Family-controlled Cargill, the world’s largest agricultural commodities trader, plans to acquire animal feed company Provimi, taking advantage of its strong cash position.

Family-controlled Cargill, the world’s largest agricultural commodities trader, plans to acquire animal feed company Provimi, taking advantage of its strong cash position.

Minneapolis-based Cargill, controlled by the Cargill and MacMillan families, said on 15 August that it is buying Provimi, currently owned by a private equity fund, for €1.5 billion.

The purchase of the Netherlands-based business comes just days after Cargill reported strong year-end earnings of $2.69 billion, a 35% increase on the $1.99 billion achieved in the previous fiscal year, ending 31 May.

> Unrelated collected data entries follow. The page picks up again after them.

lemma subspace_q_kernel:
  assumes V: "subspace_q q V" and h: "linear_q q h"
  shows "subspace_q q {x\<in>V. h x = 0}"
  unfolding subspace_q_def
proof (intro conjI ballI)
  show "0 \<in> {x\<in>V. h x = 0}" using V linear_q_0[OF h] by (simp add: subspace_q_def)
  show "x + y \<in> {x\<in>V. h x = 0}" if "x \<in> {x\<in>V. h x = 0}" "y \<in> {x\<in>V. h x = 0}" for x y
    using that V h by (simp add: subspace_q_def linear_q_def)
  show "c * x \<in> {x\<in>V. h x = 0}" if "c \<in> Fq q" "x \<in> {x\<in>V. h x = 0}" for c x
    using that V h by (simp add: subspace_q_def linear_q_def)
qed

lemma subspace_q_sum:
  "subspace_q q V \<Longrightarrow> \<forall>i\<in>A. c i \<in> Fq q \<and> v i \<in> V \<Longrightarrow> (\<Sum>i\<in>A. c i * v i) \<in> V"
  by (induction A rule: infinite_finite_induct) (simp_all add: subspace_q_def)

lemma span_q_subset: "subspace_q q V \<Longrightarrow> \<forall>i<s. v i \<in> V \<Longrightarrow> span_q q v s \<subseteq> V"
  unfolding span_q_def using subspace_q_sum[of q V "{..<s}"] by auto

lemma span_q_eq_image:
  "span_q q v s = (\<lambda>c. \<Sum>i<s. c i * v i) ` PiE {..<s} (\<lambda>_. Fq q)"
proof (intro equalityI subsetI)
  fix x assume "x \<in> span_q q v s"
  then obtain c where c: "\<forall>i<s. c i \<in> Fq q" "x = (\<Sum>i<s. c i * v i)" by (auto simp: span_q_def)
  then have "restrict c {..<s} \<in> PiE {..<s} (\<lambda>_. Fq q)" "x = (\<Sum>i<s. restrict c {..<s} i * v i)"
    by auto
  then show "x \<in> (\<lambda>c. \<Sum>i<s. c i * v i) ` PiE {..<s} (\<lambda>_. Fq q)" by blast
qed (auto simp: span_q_def)

lemma card_span_q_le: "card (span_q q (v :: nat \<Rightarrow> 'a) s) \<le> card (Fq q :: 'a::{field,finite} set) ^ s"
proof -
  have "finite (PiE {..<s} (\<lambda>_. Fq q :: 'a set))" by (simp add: finite_PiE)
  then have "card (span_q q v s) \<le> card (PiE {..<s} (\<lambda>_. Fq q :: 'a set))"
    unfolding span_q_eq_image by (rule card_image_le)
  then show ?thesis by (simp add: card_PiE)
qed

context
  fixes q r :: nat
  assumes q_eq: "q = CHAR('a::{field,finite}) ^ r" and r_pos: "0 < r"
begin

The company’s non-family vice chairman, Paul Conway, said in a statement that the combination of the two businesses would help Cargill become a global leader in animal nutrition.

“This acquisition would mark a significant step in Cargill’s animal nutrition growth strategy and underlines our commitment to continued long term investment to meet the needs of our customers around the world,” he said.

Provimi, which operates in 26 countries and employs more than 7,000 people across Asia, Europe, Africa and Latin America, is an expert in feed additives and ingredients, while Cargill’s expertise includes feed supply chain and risk management across the animal nutrition sector.

The group’s acquisition follows a line of other purchases it made over the last year as part of its strategy to expand operations in more countries – it has bought businesses in Australia, Germany, Canada and Indonesia.

Cargill was founded in 1865 by William Wallace Cargill, who was later joined by his two brothers Sam and James. The family owns 90% of the business and sold shares in fertiliser company Mosaic in January this year to ensure its private status.

Cargill reported 2011 fiscal revenues of $119.5 billion, up 18% from $101.3 billion in the previous year, which it attributed to strong global demand for agricultural products.